As a SaaS customer support or success leader, are you managing support SLAs? Are you finding it hard to have well managed internal SLOs across support and R&D teams (product and engineering)? Then, THIS is for you!

Software products have to meet support Service Level Agreements (SLAs), such as first response and periodic update times, to ensure timely customer outcomes.

But managing those SLAs becomes harder due to interdependencies across support and R&D teams. Which then turns into customer escalations and then into potential churn.

To ensure smooth running SLAs across organizations, we need internal SLOs, i.e. internal agreements between teams that are on the critical path: support and R&D.

For the rest of this post we will use the term SLOs and internal SLOs interchangeably. In this guide we will cover: why internal SLOs are needed, SLO definition framework, enforcement, reporting, implementation example, and conclusive takeaways.

Why internal SLO?

But why can’t I just apply the same SLAs across departments? Glad you asked 😬 It’s because SLAs are stricter customer facing commitments and we need to have separate internal agreements loosely tied to SLAs.
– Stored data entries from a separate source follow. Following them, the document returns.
(* Let $\mathscr{R}$ be a von Neumann algebra. If $\mathscr{I}$ is a norm-closed left ideal of $\mathscr{R}$ which is finitely generated, then $\mathscr{I}$ is weak-operator closed.
   Context: A left ideal $\mathscr{I}$ of $\mathscr{R}$ is finitely generated if it is the smallest left ideal of $\mathscr{R}$ containing some finite subset of $\mathscr{R}$ (generation in the purely algebraic sense). *)

theory Defs
  imports "HOL-Analysis.Analysis"
begin

text \<open>Complex Hilbert spaces are not in the distribution: a complex Hilbert space is
  a real Banach space 'h together with a complex scalar multiplication extending the real one
  and a complex inner product (linear in the first argument) inducing the norm.\<close>

locale complex_hilbert_space =
  fixes scaleC :: "complex \<Rightarrow> 'h::banach \<Rightarrow> 'h"
    and cinner :: "'h \<Rightarrow> 'h \<Rightarrow> complex"
  assumes scaleC_add_right: "scaleC a (x + y) = scaleC a x + scaleC a y"
    and scaleC_add_left: "scaleC (a + b) x = scaleC a x + scaleC b x"
    and scaleC_scaleC: "scaleC a (scaleC b x) = scaleC (a * b) x"
    and scaleC_one: "scaleC 1 x = x"
    and scaleR_scaleC: "scaleR r x = scaleC (complex_of_real r) x"
    and cinner_add_left: "cinner (x + y) z = cinner x z + cinner y z"
    and cinner_scaleC_left: "cinner (scaleC a x) y = a * cinner x y"
    and cinner_commute: "cinner y x = cnj (cinner x y)"
    and cinner_self_norm: "cinner x x = complex_of_real ((norm x)\<^sup>2)"

definition bounded_op :: "(complex \<Rightarrow> 'h::banach \<Rightarrow> 'h) \<Rightarrow> ('h \<Rightarrow> 'h) \<Rightarrow> bool" where
  "bounded_op scaleC T \<longleftrightarrow>
     (\<forall>x y. T (x + y) = T x + T y) \<and>
     (\<forall>a x. T (scaleC a x) = scaleC a (T x)) \<and>
     (\<exists>K. \<forall>x. norm (T x) \<le> K * norm x)"

text \<open>Closedness in the weak-operator topology of B(H): every bounded operator lying in the
  WOT-closure (every basic WOT neighbourhood meets S) belongs to S.\<close>
definition wot_closed ::
  "(complex \<Rightarrow> 'h::banach \<Rightarrow> 'h) \<Rightarrow> ('h \<Rightarrow> 'h \<Rightarrow> complex) \<Rightarrow> ('h \<Rightarrow> 'h) set \<Rightarrow> bool" where
  "wot_closed scaleC cinner S \<longleftrightarrow>
     (\<forall>T. bounded_op scaleC T \<and>
          (\<forall>\<epsilon>>0. \<forall>P. finite P \<longrightarrow>
              (\<exists>A\<in>S. \<forall>(x, y)\<in>P. cmod (cinner (T x - A x) y) < \<epsilon>))
        \<longrightarrow> T \<in> S)"

definition norm_closed :: "(complex \<Rightarrow> 'h::banach \<Rightarrow> 'h) \<Rightarrow> ('h \<Rightarrow> 'h) set \<Rightarrow> bool" where
  "norm_closed scaleC S \<longleftrightarrow>
     (\<forall>T. bounded_op scaleC T \<and>
          (\<forall>\<epsilon>>0. \<exists>A\<in>S. \<forall>x. norm (T x - A x) \<le> \<epsilon> * norm x)
        \<longrightarrow> T \<in> S)"
(* Let $\mathcal{T}$ be a tiling of $\mathbb{R}^d$ that is repetitive, has finite local complexity and has the Meyer property. Then for every finite $\mathcal{T}$-legal patch $\mathcal{P}$ and every $n>0$ there is $z\in\mathbb{R}^d\setminus\{0\}$ such that $\bigcup_{k=1}^n(\mathcal{P}+kz)$ is $\mathcal{T}$-legal. Moreover, for any unit vector $u$ and any $\delta>0$, $z$ can be chosen with $\|z/\|z\|-u\|<\delta$.
   Context: A tile in $\mathbb{R}^d$ is a compact set equal to the closure of its interior, possibly labeled from a finite set. A patch is a set of tiles with pairwise disjoint interiors; a tiling is a patch whose support is $\mathbb{R}^d$. A patch $\mathcal{P}$ is $\mathcal{T}$-legal if $\mathcal{P}+y\subset\mathcal{T}$ for some $y$. $\mathcal{P}\sqcap S=\{T\in\mathcal{P}:\operatorname{supp}T\cap S\neq\emptyset\}$. $\mathcal{T}$ has finite local complexity if for each compact $K$ the set $\{\mathcal{T}\sqcap(K+x)\}_x$ is finite up to translation, and is repetitive if for every finite $\mathcal{T}$-legal patch $\mathcal{P}$ there is $R>0$ such that every ball of radius $R$ contains the support of some translate $\mathcal{P}+x\subset\mathcal{T}$. $\mathcal{T}$ has the Meyer property if one can choose a point in the support of each tile, with the same relative position for tiles that are translates of each other, such that the resulting set $D$ is a Meyer set: a Delone set with $((D-D)-(D-D))\cap U=\{0\}$ for some neighbourhood $U$ of $0$. *)

theory Defs
  imports "HOL-Analysis.Analysis"
begin

type_synonym ('a, 'l) tile = "'a set \<times> 'l"

definition supp :: "('a, 'l) tile \<Rightarrow> 'a set" where
  "supp t = fst t"

definition is_tile :: "('a::euclidean_space, 'l) tile \<Rightarrow> bool" where
  "is_tile t \<longleftrightarrow> compact (supp t) \<and> supp t = closure (interior (supp t))"

definition is_patch :: "('a::euclidean_space, 'l) tile set \<Rightarrow> bool" where
  "is_patch P \<longleftrightarrow> (\<forall>t\<in>P. is_tile t) \<and>
     (\<forall>t\<in>P. \<forall>t'\<in>P. t \<noteq> t' \<longrightarrow> interior (supp t) \<inter> interior (supp t') = {})"

definition patch_supp :: "('a, 'l) tile set \<Rightarrow> 'a set" where
  "patch_supp P = (\<Union>t\<in>P. supp t)"

definition is_tiling :: "('a::euclidean_space, 'l) tile set \<Rightarrow> bool" where
  "is_tiling T \<longleftrightarrow> is_patch T \<and> patch_supp T = UNIV"

definition tile_transl :: "('a::euclidean_space, 'l) tile \<Rightarrow> 'a \<Rightarrow> ('a, 'l) tile" where
  "tile_transl t y = ((\<lambda>x. x + y) ` fst t, snd t)"

definition patch_transl :: "('a::euclidean_space, 'l) tile set \<Rightarrow> 'a \<Rightarrow> ('a, 'l) tile set" where
  "patch_transl P y = (\<lambda>t. tile_transl t y) ` P"

definition legal :: "('a::euclidean_space, 'l) tile set \<Rightarrow> ('a, 'l) tile set \<Rightarrow> bool" where
  "legal T P \<longleftrightarrow> (\<exists>y. patch_transl P y \<subseteq> T)"

definition patch_meet :: "('a, 'l) tile set \<Rightarrow> 'a set \<Rightarrow> ('a, 'l) tile set" where
  "patch_meet P S = {t\<in>P. supp t \<inter> S \<noteq> {}}"

definition FLC :: "('a::euclidean_space, 'l) tile set \<Rightarrow> bool" where
  "FLC T \<longleftrightarrow> (\<forall>K. compact K \<longrightarrow>
     (\<exists>F. finite F \<and> (\<forall>x. \<exists>Q\<in>F. \<exists>y. patch_meet T ((\<lambda>k. k + x) ` K) = patch_transl Q y)))"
Hence internal SLOs gave birth - Ta Da!!

Internal SLO (also called OLA) has been defined as an agreement that describes the responsibilities of each internal group toward support, including the process and timeframe for delivery, as per wikipedia.

But, an incredible 76% of SaaS support teams find it hard to manage SLOs between support and product teams, as per our survey below.

SLO problem survey

But it begs the question: why is it so hard? Well it is hard to enforce and automate the SLOs especially when support and R&D teams are using different tools. This clearly resonated with support community as per the survey below:

SLO root cause

Summarizing the above results, it is clear that it is hard because of 3 reasons:

  1. Defining consistent and coherent SLOs is challenging.  
  2. Enforcing those SLOs across tools is hard (including manual pinging and escalations).
  3. Reporting on SLOs is hard when support and product teams are in silos.

Now that we know why it is a problem, how do we go about solving it? Well, the answer lies in two things:

  1. Defining practical SLOs based on your (customer facing) SLAs
  2. Coming to an agreement with your R&D counterparts.

What’s a good SLO?

Coming up with great SLOs is an art and science, especially as it involves agreement across support and R&D teams. The solution is a 3 step framework: Defining, Enforcing, and Reporting.

Step 1: Defining SLO rules

The SLO rule definition consists of 3 entities: Condition, Trigger, and Action (CTA).

SLO definition framework

Condition: This is the condition upon which out of SLOs are triggered. This has 3 aspects: customer, support ticket, and engineering issue.

  1. Customer: This includes customer revenue, support tier, renewal, sentiment etc.
  2. Support Ticket: This includes priority, impact, type etc, from support tools like Zendesk, Freshdesk etc.
  3. Engineering Issue: This includes the linked engineering tasks in tools like Jira, Asana etc, which consists of type (bug, improvement, feature request, task..), priority, severity etc.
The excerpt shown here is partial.